The program, which Trump has described as a signature national security priority, is meant to shield the entire United States from threats ranging from intercontinental ballistic missiles to small drones. It would stitch together existing and newly developed systems through an artificial intelligence-powered network capable of moving data in real time, an undertaking that defense officials acknowledge poses profound technical challenges. But even as Guetlein projected confidence, the initiative’s financial future appeared increasingly uncertain.

Congressional Republicans are growing reluctant to advance the partisan budget bill that the Trump administration had counted on to fund the program’s early stages. The Pentagon is seeking $17 billion through a reconciliation measure for the next fiscal year, while requesting just $400 million through the regular appropriations process. The total cost of Golden Dome could range from $185 billion to $3 trillion, according to Pentagon estimates, a staggering sum that has given even some GOP lawmakers pause.

“Is reconciliation the most efficient, effective way to spend money?” Representative Ken Calvert, a California Republican who chairs the House Appropriations defense subcommittee, said in an interview. “In my mind, no.” His skepticism reflects a broader unease among Republicans about wading into a divisive budget fight ahead of this year’s midterm elections, when control of Congress will be at stake.

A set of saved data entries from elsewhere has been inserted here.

(* Let $h:\mathbb{R}\to\mathbb{R}$ be of class $C^1$, let $x_0\in\mathbb{R}$ and let $]x_-,x_+[$ be an interval containing $x_0$. Let $u_1,u_2$ be two linearly independent real solutions of $u''(x)+h(x)u(x)=0$ such that, for all $x\in]x_-,x_+[$, $u_1(x)\neq0$, $u_2(x)\neq0$ and $\dfrac{u'_1(x)u'_2(x)}{u_1(x)u_2(x)}<0$. Then \[ \Phi(x)=\sqrt{-\frac{u'_1(x)u'_2(x)}{u_1(x)u_2(x)}} \] is a solution on $]x_-,x_+[$ of \[ \Phi''(x)=\frac{3\Phi^{2}(x)+h(x)}{\Phi^{2}(x)-h(x)}\frac{\left[\Phi'(x)\right]^{2}}{\Phi(x)}-\frac{h'(x)\Phi'(x)}{\Phi^{2}(x)-h(x)}+\frac{\Phi^{4}(x)-h^{2}(x)}{\Phi(x)}, \] and, with $u_{\mathtt{top}},u_{\mathtt{bot}}$ built from this $\Phi$ as in the context, either $u_1(x)=u_1(x_0)u_{\mathtt{top}}(x)$ and $u_2(x)=u_2(x_0)u_{\mathtt{bot}}(x)$, or $u_1(x)=u_1(x_0)u_{\mathtt{bot}}(x)$ and $u_2(x)=u_2(x_0)u_{\mathtt{top}}(x)$.
   Context: For a function $\Phi$ on $]x_-,x_+[$, \[ u_{\mathtt{top}}(x)=\exp\left[\int_{x_0}^{x}d\xi\,\Phi(\xi)\frac{\Phi'(\xi)-\sqrt{\left[h(\xi)-\Phi^{2}(\xi)\right]^{2}+\left[\Phi'(\xi)\right]^{2}}}{h(\xi)-\Phi^{2}(\xi)}\right],\quad u_{\mathtt{bot}}(x)=\exp\left[\int_{x_0}^{x}d\xi\,\Phi(\xi)\frac{\Phi'(\xi)+\sqrt{\left[h(\xi)-\Phi^{2}(\xi)\right]^{2}+\left[\Phi'(\xi)\right]^{2}}}{h(\xi)-\Phi^{2}(\xi)}\right]. \] The ODE for $\Phi$ is the geodesic equation in explicit form for the metric $g_h=\left[(h(x)-\varPhi^2)^2dx^2+d\varPhi^2\right]/\varPhi^2$ on $\{\varPhi>0,\ \varPhi^2\neq h(x)\}$.
   Formalization: $\Phi^{2}(x)$ is also assumed to differ from $h(x)$ for every x in $]x_-,x_+[$, and one of the two alternatives for $u_1,u_2$ holds on the whole interval rather than pointwise. Apart from conventions, each condition added here is assumed in the paper as well or is needed for the statement above to hold. *)

theory Defs
  imports "HOL-Analysis.Analysis"
begin

text \<open>Oriented integral from x0 to x: interval Lebesgue integral (negated when x < x0).\<close>

definition u_top :: "(real \<Rightarrow> real) \<Rightarrow> (real \<Rightarrow> real) \<Rightarrow> real \<Rightarrow> real \<Rightarrow> real" where
  "u_top h \<Phi> x0 x = exp (LBINT \<xi>=ereal x0..ereal x.
     \<Phi> \<xi> * (deriv \<Phi> \<xi> - sqrt ((h \<xi> - (\<Phi> \<xi>)\<^sup>2)\<^sup>2 + (deriv \<Phi> \<xi>)\<^sup>2)) / (h \<xi> - (\<Phi> \<xi>)\<^sup>2))"

definition u_bot :: "(real \<Rightarrow> real) \<Rightarrow> (real \<Rightarrow> real) \<Rightarrow> real \<Rightarrow> real \<Rightarrow> real" where
  "u_bot h \<Phi> x0 x = exp (LBINT \<xi>=ereal x0..ereal x.
     \<Phi> \<xi> * (deriv \<Phi> \<xi> + sqrt ((h \<xi> - (\<Phi> \<xi>)\<^sup>2)\<^sup>2 + (deriv \<Phi> \<xi>)\<^sup>2)) / (h \<xi> - (\<Phi> \<xi>)\<^sup>2))"

end

theory Submission
  imports Defs
begin

(* The logarithmic derivatives a = u1'/u1 and b = u2'/u2 solve the Riccati equation y' = -h - y^2,
   and Phi^2 = -a b. Differentiating gives Phi' = (a + b)(h - Phi^2)/(2 Phi), and differentiating
   once more, using (a + b)' = -2h - (a + b)^2 - 2 Phi^2, gives the second-order equation for Phi.
   Conversely a + b = 2 Phi Phi'/(h - Phi^2) and a b = -Phi^2, so a and b are the roots of
   t^2 - 2 Phi Phi'/(h - Phi^2) t - Phi^2, and the integrands of u_top and u_bot are these roots as
   given by the quadratic formula. Which root is which is decided by the sign of (h - Phi^2)(a - b),
   constant on the interval by continuity; integrating u'/u then recovers u1 and u2. *)

lemma continuous_nonvanishing_sign_const:
  fixes f :: "real \<Rightarrow> real"
  assumes "is_interval I" and "continuous_on I f" and nz: "\<And>x. x \<in> I \<Longrightarrow> f x \<noteq> 0"
  shows "(\<forall>x\<in>I. 0 < f x) \<or> (\<forall>x\<in>I. f x < 0)"
proof (rule ccontr)
  assume "\<not> ?thesis"
  then obtain x y where xy: "x \<in> I" "y \<in> I" "f x \<le> 0" "0 \<le> f y"
    by (auto simp: not_less)
  have "is_interval (f ` I)"
    using assms(1,2) connected_continuous_image is_interval_connected_1 by blast
  moreover have "f x \<in> f ` I" "f y \<in> f ` I"
    using xy by auto
  ultimately have "0 \<in> f ` I"
    using xy unfolding is_interval_1 by blast
  then show False
    using nz by auto
qed

lemma is_interval_real_ivl_subset:
  fixes I :: "real set"
  assumes "is_interval I" and "a \<in> I" and "b \<in> I"
  shows "{min a b..max a b} \<subseteq> I"
proof -
  have "{min a b..max a b} = closed_segment a b"
    by (simp add: closed_segment_eq_real_ivl min_def max_def)
  also have "\<dots> \<subseteq> I"
    using assms by (intro closed_segment_subset is_interval_convex)
  finally show ?thesis .
qed

lemma interval_integral_FTC_is_interval:
  fixes f F :: "real \<Rightarrow> real"
  assumes I: "is_interval I" and a: "a \<in> I" and b: "b \<in> I" and f: "continuous_on I f"
    and F: "\<And>y. y \<in> I \<Longrightarrow> (F has_real_derivative f y) (at y)"
  shows "(LBINT \<xi>=ereal a..ereal b. f \<xi>) = F b - F a"
proof (rule interval_integral_FTC_finite)
  have segment: "{min a b..max a b} \<subseteq> I"
    by (rule is_interval_real_ivl_subset[OF I a b])
  then show "continuous_on {min a b..max a b} f"
    using f continuous_on_subset by blast
  show "(F has_vector_derivative f y) (at y within {min a b..max a b})"
    if "min a b \<le> y" "y \<le> max a b" for y
    using F[of y] segment that has_real_derivative_iff_has_vector_derivative has_field_derivative_at_within
    by (metis atLeastAtMost_iff subsetD)
qed

lemma continuous_on_if_has_real_derivative:
  fixes f f' :: "real \<Rightarrow> real"
  assumes "\<And>x. x \<in> S \<Longrightarrow> (f has_real_derivative f' x) (at x)"
  shows "continuous_on S f"
  by (rule DERIV_continuous_on, rule has_field_derivative_at_within, erule assms)

lemma exp_integral_logarithmic_derivative:
  fixes u u' f :: "real \<Rightarrow> real"
  assumes I: "is_interval I" and x0: "x0 \<in> I" and x: "x \<in> I"
    and u: "\<And>y. y \<in> I \<Longrightarrow> (u has_real_derivative u' y) (at y)"
    and u': "continuous_on I u'"
    and nz: "\<And>y. y \<in> I \<Longrightarrow> u y \<noteq> 0"
    and f: "\<And>y. y \<in> I \<Longrightarrow> f y = u' y / u y"
  shows "u x = u x0 * exp (LBINT \<xi>=ereal x0..ereal x. f \<xi>)"
proof -
  have u_cont: "continuous_on I u"
    using u by (rule continuous_on_if_has_real_derivative)
  have ratio_pos: "0 < u y / u x0" if "y \<in> I" for y
  proof -
    have "(\<forall>y\<in>I. 0 < u y) \<or> (\<forall>y\<in>I. u y < 0)"
      by (rule continuous_nonvanishing_sign_const[OF I u_cont nz])
    then show ?thesis
      using that x0 by (auto simp: zero_less_divide_iff)
  qed
  have "continuous_on I (\<lambda>y. u' y / u y)"
    using u' u_cont nz by (intro continuous_on_divide) auto
  then have "continuous_on I f"
    by (rule continuous_on_eq) (simp add: f)
  moreover have "((\<lambda>y. ln (u y / u x0)) has_real_derivative f y) (at y)" if y: "y \<in> I" for y
    by (rule DERIV_cong[OF DERIV_chain2[OF DERIV_ln_divide[OF ratio_pos[OF y]] DERIV_cdivide[OF u[OF y]]]])
       (use nz[OF y] nz[OF x0] f[OF y] in simp)
  ultimately have "(LBINT \<xi>=ereal x0..ereal x. f \<xi>) = ln (u x / u x0) - ln (u x0 / u x0)"
    by (rule interval_integral_FTC_is_interval[OF I x0 x])
  then show ?thesis
    using ratio_pos[OF x] nz[OF x0] by simp
qed

lemma logarithmic_derivative_riccati:
  fixes u u' h :: "real \<Rightarrow> real"
  assumes "(u has_real_derivative u' x) (at x)" and "(u' has_real_derivative - (h x * u x)) (at x)"
    and "u x \<noteq> 0"
  shows "((\<lambda>y. u' y / u y) has_real_derivative - h x - (u' x / u x)\<^sup>2) (at x)"
  by (rule DERIV_cong[OF DERIV_divide[OF assms(2,1,3)]])
     (use assms(3) in \<open>simp add: field_simps power2_eq_square\<close>)

lemma sqrt_neg_product_riccati_has_derivative:
  fixes a b h \<Phi> :: "real \<Rightarrow> real"
  assumes a: "(a has_real_derivative - h x - (a x)\<^sup>2) (at x)"
    and b: "(b has_real_derivative - h x - (b x)\<^sup>2) (at x)"
    and ab: "a x * b x < 0" and \<Phi>: "\<Phi> = (\<lambda>y. sqrt (- (a y * b y)))"
  shows "(\<Phi> has_real_derivative (a x + b x) * (h x - (\<Phi> x)\<^sup>2) / (2 * \<Phi> x)) (at x)"
  unfolding \<Phi> using ab
  by (auto intro!: derivative_eq_intros a b simp: field_simps power2_eq_square)

(* The left-hand side is the quotient rule applied to dP = s (h - P^2) / (2 P), where s = a + b
   satisfies s' = -2 h - s^2 - 2 P^2 by the two Riccati equations. *)
lemma phi_ode_identity:
  fixes P h s dP h' :: real
  assumes "P \<noteq> 0" and "P\<^sup>2 \<noteq> h" and dP: "dP = s * (h - P\<^sup>2) / (2 * P)"
  shows "(((-2 * h - s\<^sup>2 - 2 * P\<^sup>2) * (h - P\<^sup>2) + (h' - 2 * P * dP) * s) * (2 * P)
        - s * (h - P\<^sup>2) * (2 * dP)) / (2 * P * (2 * P))
    = (3 * P\<^sup>2 + h) / (P\<^sup>2 - h) * dP\<^sup>2 / P - h' * dP / (P\<^sup>2 - h) + (P ^ 4 - h\<^sup>2) / P"
proof -
  define D where "D = h - P\<^sup>2"
  have "D \<noteq> 0" and h: "h = P\<^sup>2 + D"
    using assms(2) by (auto simp: D_def)
  show ?thesis
    unfolding dP D_def[symmetric] unfolding h
    using assms(1) \<open>D \<noteq> 0\<close> by (simp add: field_simps power2_eq_square power4_eq_xxxx)
qed

lemma riccati_pair_phi_ode:
  fixes a b h h' \<Phi> :: "real \<Rightarrow> real"
  assumes h: "(h has_real_derivative h' x) (at x)"
    and a: "(a has_real_derivative - h x - (a x)\<^sup>2) (at x)"
    and b: "(b has_real_derivative - h x - (b x)\<^sup>2) (at x)"
    and ab: "a x * b x < 0" and \<Phi>: "\<Phi> = (\<lambda>y. sqrt (- (a y * b y)))"
    and off_singular: "(\<Phi> x)\<^sup>2 \<noteq> h x"
  defines "d\<Phi> \<equiv> \<lambda>y. (a y + b y) * (h y - (\<Phi> y)\<^sup>2) / (2 * \<Phi> y)"
  shows "(d\<Phi> has_real_derivative
      (3 * (\<Phi> x)\<^sup>2 + h x) / ((\<Phi> x)\<^sup>2 - h x) * (d\<Phi> x)\<^sup>2 / \<Phi> x
      - h' x * d\<Phi> x / ((\<Phi> x)\<^sup>2 - h x) + ((\<Phi> x) ^ 4 - (h x)\<^sup>2) / \<Phi> x) (at x)"
proof -
  define s where "s = (\<lambda>y. a y + b y)"
  have d\<Phi>_s: "d\<Phi> = (\<lambda>y. s y * (h y - (\<Phi> y)\<^sup>2) / (2 * \<Phi> y))"
    unfolding d\<Phi>_def s_def ..
  have \<Phi>': "(\<Phi> has_real_derivative d\<Phi> x) (at x)"
    unfolding d\<Phi>_def by (rule sqrt_neg_product_riccati_has_derivative[where h=h, OF a b ab \<Phi>])
  have \<Phi>_pos: "\<Phi> x > 0" and \<Phi>_sq: "(\<Phi> x)\<^sup>2 = - (a x * b x)"
    using ab unfolding \<Phi> by auto
  have s': "(s has_real_derivative -2 * h x - (s x)\<^sup>2 - 2 * (\<Phi> x)\<^sup>2) (at x)"
    unfolding s_def
    by (rule DERIV_cong[OF DERIV_add[OF a b]]) (use \<Phi>_sq in \<open>simp add: power2_eq_square algebra_simps\<close>)
  have \<Phi>_sq': "((\<lambda>y. (\<Phi> y)\<^sup>2) has_real_derivative 2 * \<Phi> x * d\<Phi> x) (at x)"
    by (rule DERIV_cong[OF DERIV_power[OF \<Phi>']]) simp
  from DERIV_divide[OF DERIV_mult[OF s' DERIV_diff[OF h \<Phi>_sq']] DERIV_cmult[OF \<Phi>', of 2]] \<Phi>_pos
  have "(d\<Phi> has_real_derivative
      (((-2 * h x - (s x)\<^sup>2 - 2 * (\<Phi> x)\<^sup>2) * (h x - (\<Phi> x)\<^sup>2)
          + (h' x - 2 * \<Phi> x * d\<Phi> x) * s x) * (2 * \<Phi> x)
        - s x * (h x - (\<Phi> x)\<^sup>2) * (2 * d\<Phi> x)) / (2 * \<Phi> x * (2 * \<Phi> x))) (at x)"
    by (simp only: d\<Phi>_s)
  then show ?thesis
    by (rule DERIV_cong[OF _ phi_ode_identity[OF _ off_singular]]) (use \<Phi>_pos d\<Phi>_s in auto)
qed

The reliance on reconciliation, a procedural tool that allows budget-related bills to pass with a simple majority, has drawn criticism from former defense officials who question the administration’s strategy. One former official, granted anonymity to discuss sensitive budget matters, said it was “not great signaling by this White House about the supposedly drastic need for Golden Dome.” Without a reconciliation bill, the official added, the program would have to compete for funding against the rest of the Pentagon’s sprawling wish list in regular congressional spending bills.

Technical hurdles and tight timelines

Beyond the budget questions, the program faces steep engineering obstacles. Guetlein acknowledged Thursday that the 2028 deadline for the first sensor component was aggressive and depended on a series of favorable developments. The system’s design calls for linking disparate hardware across land, sea, space and cyberspace under a single command-and-control network, a task that has eluded previous missile defense efforts for decades.

“To the skeptics, let me say this,” Guetlein told reporters at the base, before outlining the progress his team had made. The general did not provide specific cost estimates or a detailed breakdown of how the Pentagon would close the gap between the funds requested through reconciliation and what might be available through regular channels. With Republican support for the reconciliation path eroding, the program’s fate may now rest on whether the administration can persuade a war-weary Congress to commit trillions of dollars to an unproven shield.